Record set:
╔══

theorem card_Wpairs:
  fixes ph :: "nat \<Rightarrow> 'a::{field,finite} \<Rightarrow> 'a"
  assumes hom: "\<And>j. hom_fixing (ph j) K" and K: "is_subfield K"
  shows "finite I \<Longrightarrow> \<forall>l<i. \<forall>t\<in>I. B l t \<in> K \<Longrightarrow> lin_indep_over K I B i \<Longrightarrow>
    card (Wpairs ph s I B i) = card (UNIV :: 'a set) ^ i * card (Vpairs ph s {1..card I - i})"
proof (induction i arbitrary: I B)
  case 0
  have "Wpairs ph s I B 0 = Vpairs ph s I" by (auto simp: Wpairs_def)
  then show ?case using card_Vpairs_eq_card[of I "{1..card I}"] 0 by simp
next
  case (Suc i)
  obtain k where k: "k \<in> I" and pivot: "B i k \<noteq> 0"
    using lin_indep_over_row_nonzero[OF K Suc.prems(3)] by blast
  have ratio_in_K: "\<forall>t\<in>I. B i t / B i k \<in> K"
    using K Suc.prems(2) k by (simp add: is_subfield_def)
  have "\<forall>l<i. \<forall>t\<in>I-{k}. eliminate B i k l t \<in> K"
    using Suc.prems(2) k by (auto intro: eliminate_in_subfield[OF K])
  moreover have "lin_indep_over K (I - {k}) (eliminate B i k) i"
    using lin_indep_over_eliminate[where I = I and B = B and i = i and k = k,
        OF Suc.prems(1) k pivot K Suc.prems(2,3)] .
  ultimately have "card (Wpairs ph s (I-{k}) (eliminate B i k) i)
      = card (UNIV :: 'a set) ^ i * card (Vpairs ph s {1..card I - Suc i})"
    using Suc.IH[of "I - {k}"] Suc.prems(1) k by simp
  then show ?case
    using card_Wpairs_eliminate[where I = I and B = B and i = i and k = k and ph = ph and K = K,
        OF Suc.prems(1) k pivot hom ratio_in_K] by simp
qed

lemma power_two_power_fixed:
  assumes "(c::'a::field) ^ 2 ^ e = c"
  shows "c ^ 2 ^ (e * r) = c"
proof (induction r)
  case (Suc r)
  have "c ^ 2 ^ (e * Suc r) = (c ^ 2 ^ (e * r)) ^ 2 ^ e"
    by (simp add: power_add power_mult[symmetric] mult.commute)
  then show ?case using Suc assms by simp
qed simp

lemma char_two_power_add:
  assumes "CHAR('a::field) = 2"
  shows "((x::'a) + y) ^ 2 ^ k = x ^ 2 ^ k + y ^ 2 ^ k"
  using assms by (intro freshmans_dream') simp_all

lemma is_subfield_subfld:
  assumes "CHAR('a::field) = 2"
  shows "is_subfield (subfld e :: 'a set)"
proof -
  have minus_eq_plus: "x - y = x + y" for x y :: 'a
    by (rule minus_CHAR_2[OF assms])
  show ?thesis
    unfolding is_subfield_def subfld_def minus_eq_plus
    using char_two_power_add[OF assms] by (auto simp: power_mult_distrib power_divide)
qed

lemma hom_fixing_power_two:
  assumes "CHAR('a::field) = 2" and "e dvd k"
  shows "hom_fixing (\<lambda>x::'a. x ^ 2 ^ k) (subfld e)"
proof -
  obtain r where "k = e * r" using assms(2) by blast
  then show ?thesis
    unfolding hom_fixing_def subfld_def
    using char_two_power_add[OF assms(1)] power_two_power_fixed[of _ e r]
    by (auto simp: power_mult_distrib)
qed

lemma hom_fixing_frob:
  assumes "CHAR('a::field) = 2" and "e dvd m" and "int e dvd l"
  shows "hom_fixing (frob m l :: 'a \<Rightarrow> 'a) (subfld e)"
proof -
  have "int e dvd l mod int m"
    using assms(2,3) by (simp add: dvd_mod)
  then have "e dvd nat (l mod int m)"
    by (metis dvd_0_right int_dvd_int_iff nat_eq_iff2)
  then show ?thesis
    unfolding frob_def using hom_fixing_power_two[OF assms(1)] by simp
qed

definition deinterleave :: "nat \<Rightarrow> (nat \<Rightarrow> 'a) \<Rightarrow> (nat \<Rightarrow> 'a) \<times> (nat \<Rightarrow> 'a)" where
  "deinterleave u x = ((\<lambda>t\<in>{1..u}. x (2 * t - 1)), (\<lambda>t\<in>{1..u}. x (2 * t)))"

definition interleave :: "nat \<Rightarrow> (nat \<Rightarrow> 'a) \<times> (nat \<Rightarrow> 'a) \<Rightarrow> nat \<Rightarrow> 'a" where
  "interleave u = (\<lambda>(a, b). \<lambda>k\<in>{1..2 * u}. if odd k then a ((k + 1) div 2) else b (k div 2))"

lemma bij_betw_deinterleave:
  "bij_betw (deinterleave u) ({1..2 * u} \<rightarrow>\<^sub>E UNIV) (({1..u} \<rightarrow>\<^sub>E UNIV) \<times> ({1..u} \<rightarrow>\<^sub>E UNIV))"
proof (rule bij_betw_byWitness[where f' = "interleave u"])
  have odd_index: "(k + 1) div 2 \<in> {1..u}" "2 * ((k + 1) div 2) - 1 = k"
    if "k \<in> {1..2 * u}" "odd k" for k
    using that by (auto elim!: oddE)
  have even_index: "k div 2 \<in> {1..u}" "2 * (k div 2) = k" if "k \<in> {1..2 * u}" "even k" for k
    using that by (auto elim!: evenE)
  show "\<forall>x\<in>{1..2 * u} \<rightarrow>\<^sub>E UNIV. interleave u (deinterleave u x) = x"
    using odd_index even_index
    by (auto simp: interleave_def deinterleave_def PiE_def extensional_def fun_eq_iff)
  show "\<forall>p\<in>({1..u} \<rightarrow>\<^sub>E UNIV) \<times> ({1..u} \<rightarrow>\<^sub>E UNIV). deinterleave u (interleave u p) = p"
    by (auto simp: interleave_def deinterleave_def PiE_def extensional_def fun_eq_iff)
  show "deinterleave u ` ({1..2 * u} \<rightarrow>\<^sub>E UNIV) \<subseteq> ({1..u} \<rightarrow>\<^sub>E UNIV) \<times> ({1..u} \<rightarrow>\<^sub>E UNIV)"
    by (auto simp: deinterleave_def)
  show "interleave u ` (({1..u} \<rightarrow>\<^sub>E UNIV) \<times> ({1..u} \<rightarrow>\<^sub>E UNIV)) \<subseteq> {1..2 * u} \<rightarrow>\<^sub>E UNIV"
    by (auto simp: interleave_def)
qed

lemma card_deinterleave:
  "card {x \<in> {1..2 * u} \<rightarrow>\<^sub>E UNIV. P (deinterleave u x)}
     = card {p \<in> ({1..u} \<rightarrow>\<^sub>E UNIV) \<times> ({1..u} \<rightarrow>\<^sub>E UNIV). P p}"
proof (rule bij_betw_same_card, rule bij_betw_subset[OF bij_betw_deinterleave])
  show "deinterleave u ` {x \<in> {1..2 * u} \<rightarrow>\<^sub>E UNIV. P (deinterleave u x)}
      = {p \<in> ({1..u} \<rightarrow>\<^sub>E UNIV) \<times> ({1..u} \<rightarrow>\<^sub>E UNIV). P p}"
  proof -
    have "deinterleave u ` {x \<in> {1..2 * u} \<rightarrow>\<^sub>E UNIV. P (deinterleave u x)}
        = {p \<in> deinterleave u ` ({1..2 * u} \<rightarrow>\<^sub>E UNIV). P p}"
      by blast
    then show ?thesis
      unfolding bij_betw_imp_surj_on[OF bij_betw_deinterleave] .
  qed
qed auto

lemma sym_form_deinterleave:
  "sym_form f {1..u} (fst (deinterleave u x)) (snd (deinterleave u x))
     = (\<Sum>t=1..u. x (2 * t - 1) * f (x (2 * t)) + f (x (2 * t - 1)) * x (2 * t))"
  unfolding sym_form_def deinterleave_def by (intro sum.cong) auto

lemma sum_deinterleave_snd:
  "(\<Sum>t=1..u. c t * snd (deinterleave u x) t) = (\<Sum>t=1..u. c t * x (2 * t))"
  unfolding deinterleave_def by (intro sum.cong) auto

definition frob_system :: "nat \<Rightarrow> nat \<Rightarrow> nat \<Rightarrow> nat \<Rightarrow> nat \<Rightarrow> 'a::field \<Rightarrow> 'a" where
  "frob_system m n d e j = frob m ((int (n div e) - int j) * int d)"

lemma card_Vset:
  "card (Vset m n d e s v :: (nat \<Rightarrow> 'a::field) set)
     = card (Vpairs (frob_system m n d e :: nat \<Rightarrow> 'a \<Rightarrow> 'a) s {1..v})"
proof -
  let ?P = "\<lambda>p. \<forall>j\<le>s. sym_form (frob_system m n d e j :: 'a \<Rightarrow> 'a) {1..v} (fst p) (snd p) = 0"
  have "Vset m n d e s v = {x \<in> {1..2 * v} \<rightarrow>\<^sub>E UNIV. ?P (deinterleave v x)}"
    unfolding Vset_def sym_form_deinterleave frob_system_def by simp
  moreover have "Vpairs (frob_system m n d e) s {1..v}
      = {p \<in> ({1..v} \<rightarrow>\<^sub>E UNIV) \<times> ({1..v} \<rightarrow>\<^sub>E UNIV). ?P p}"
    by (auto simp: Vpairs_def)
  ultimately show ?thesis
    using card_deinterleave[where P = ?P and u = v] by simp
qed

lemma subset_Zset_iff_basis:
  assumes H: "H \<subseteq> {1..u} \<rightarrow>\<^sub>E subfld e" and b_in_H: "\<forall>l<i. b l \<in> H"
    and span: "\<forall>h\<in>H. \<exists>a. \<forall>t\<in>{1..u}. h t = (\<Sum>l<i. a l * b l t)"
  shows "H \<subseteq> Zset e u x \<longleftrightarrow> (\<forall>l<i. (\<Sum>t=1..u. b l t * x (2 * t)) = 0)"
proof
  assume "H \<subseteq> Zset e u x"
  then show "\<forall>l<i. (\<Sum>t=1..u. b l t * x (2 * t)) = 0"
    using b_in_H by (auto simp: Zset_def)
next
  assume orth: "\<forall>l<i. (\<Sum>t=1..u. b l t * x (2 * t)) = 0"
  show "H \<subseteq> Zset e u x"
  proof
    fix h assume "h \<in> H"
    then obtain a where a: "\<forall>t\<in>{1..u}. h t = (\<Sum>l<i. a l * b l t)"
      using span by blast
    have "(\<Sum>t=1..u. h t * x (2 * t)) = (\<Sum>t=1..u. \<Sum>l<i. a l * (b l t * x (2 * t)))"
      using a by (simp add: sum_distrib_right mult.assoc)
    also have "\<dots> = (\<Sum>l<i. a l * (\<Sum>t=1..u. b l t * x (2 * t)))"
      by (subst sum.swap) (simp add: sum_distrib_left)
    also have "\<dots> = 0"
      using orth by simp
    finally show "h \<in> Zset e u x"
      using \<open>h \<in> H\<close> H by (auto simp: Zset_def)
  qed
qed

lemma card_Wset:
  assumes "H \<subseteq> {1..u} \<rightarrow>\<^sub>E subfld e" and "\<forall>l<i. b l \<in> H"
    and "\<forall>h\<in>H. \<exists>a. \<forall>t\<in>{1..u}. h t = (\<Sum>l<i. a l * b l t)"
  shows "card (Wset m n d e s u H) = card (Wpairs (frob_system m n d e) s {1..u} b i)"
proof -
  let ?P = "\<lambda>p. (\<forall>j\<le>s. sym_form (frob_system m n d e j) {1..u} (fst p) (snd p) = 0)
                     \<and> (\<forall>l<i. (\<Sum>t=1..u. b l t * snd p t) = 0)"
  have "Wset m n d e s u H = {x \<in> {1..2 * u} \<rightarrow>\<^sub>E UNIV. ?P (deinterleave u x)}"
    unfolding Wset_def Vset_def sym_form_deinterleave sum_deinterleave_snd
      subset_Zset_iff_basis[OF assms] frob_system_def by auto
  moreover have "Wpairs (frob_system m n d e) s {1..u} b i
      = {p \<in> ({1..u} \<rightarrow>\<^sub>E UNIV) \<times> ({1..u} \<rightarrow>\<^sub>E UNIV). ?P p}"
    by (auto simp: Wpairs_def Vpairs_def)
  ultimately show ?thesis
    using card_deinterleave[where P = ?P and u = u] by simp
qed

theorem lemma6p1:
  fixes m n d e s u i :: nat and H :: "(nat \<Rightarrow> 'a::{field,finite}) set"
  assumes "m > 0" "n > 0" "d > 0" "e > 0"
    and "m = 2 * n" and "e = gcd n d" and "e = gcd m d"
    and "CHAR('a) = 2" and "card (UNIV :: 'a set) = 2 ^ m"
    and "u \<ge> 1"
    and "is_subspace e u H" and "has_dim e u H i"
  shows "card (Wset m n d e s u H) = 2 ^ (m * i) * card (Vset m n d e s (u - i) :: (nat \<Rightarrow> 'a) set)"
proof -
  obtain b where b_in_H: "\<forall>l<i. b l \<in> H" and indep: "lin_indep_over (subfld e) {1..u} b i"
    and span: "\<forall>h\<in>H. \<exists>a. (\<forall>l<i. a l \<in> subfld e) \<and> (\<forall>t\<in>{1..u}. h t = (\<Sum>l<i. a l * b l t))"
    using assms(12) unfolding has_dim_def lin_indep_over_def by auto
  have H: "H \<subseteq> {1..u} \<rightarrow>\<^sub>E subfld e"
    using assms(11) by (simp add: is_subspace_def)
  then have b_entries: "\<forall>l<i. \<forall>t\<in>{1..u}. b l t \<in> subfld e"
    using b_in_H by auto
  have "e dvd m" "int e dvd int d"
    using assms(7) by simp_all
  then have hom: "hom_fixing (frob_system m n d e j :: 'a \<Rightarrow> 'a) (subfld e)" for j
    unfolding frob_system_def using hom_fixing_frob[OF assms(8)] by simp
  have "card (Wset m n d e s u H) = card (Wpairs (frob_system m n d e) s {1..u} b i)"
    using card_Wset[OF H b_in_H] span by meson
  also have "\<dots> = card (UNIV :: 'a set) ^ i
                     * card (Vpairs (frob_system m n d e :: nat \<Rightarrow> 'a \<Rightarrow> 'a) s {1..u - i})"
    using card_Wpairs[where ph = "frob_system m n d e",
        OF hom is_subfield_subfld[OF assms(8)] _ b_entries indep]
    by simp
  also have "\<dots> = 2 ^ (m * i) * card (Vset m n d e s (u - i) :: (nat \<Rightarrow> 'a) set)"
    by (simp add: card_Vset assms(9) power_mult)
  finally show ?thesis .
qed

╚══

What is expected: Read through the lines above and collect those that contain the string "induction".

Response to this task:
proof (induction i arbitrary: I B)
proof (induction r)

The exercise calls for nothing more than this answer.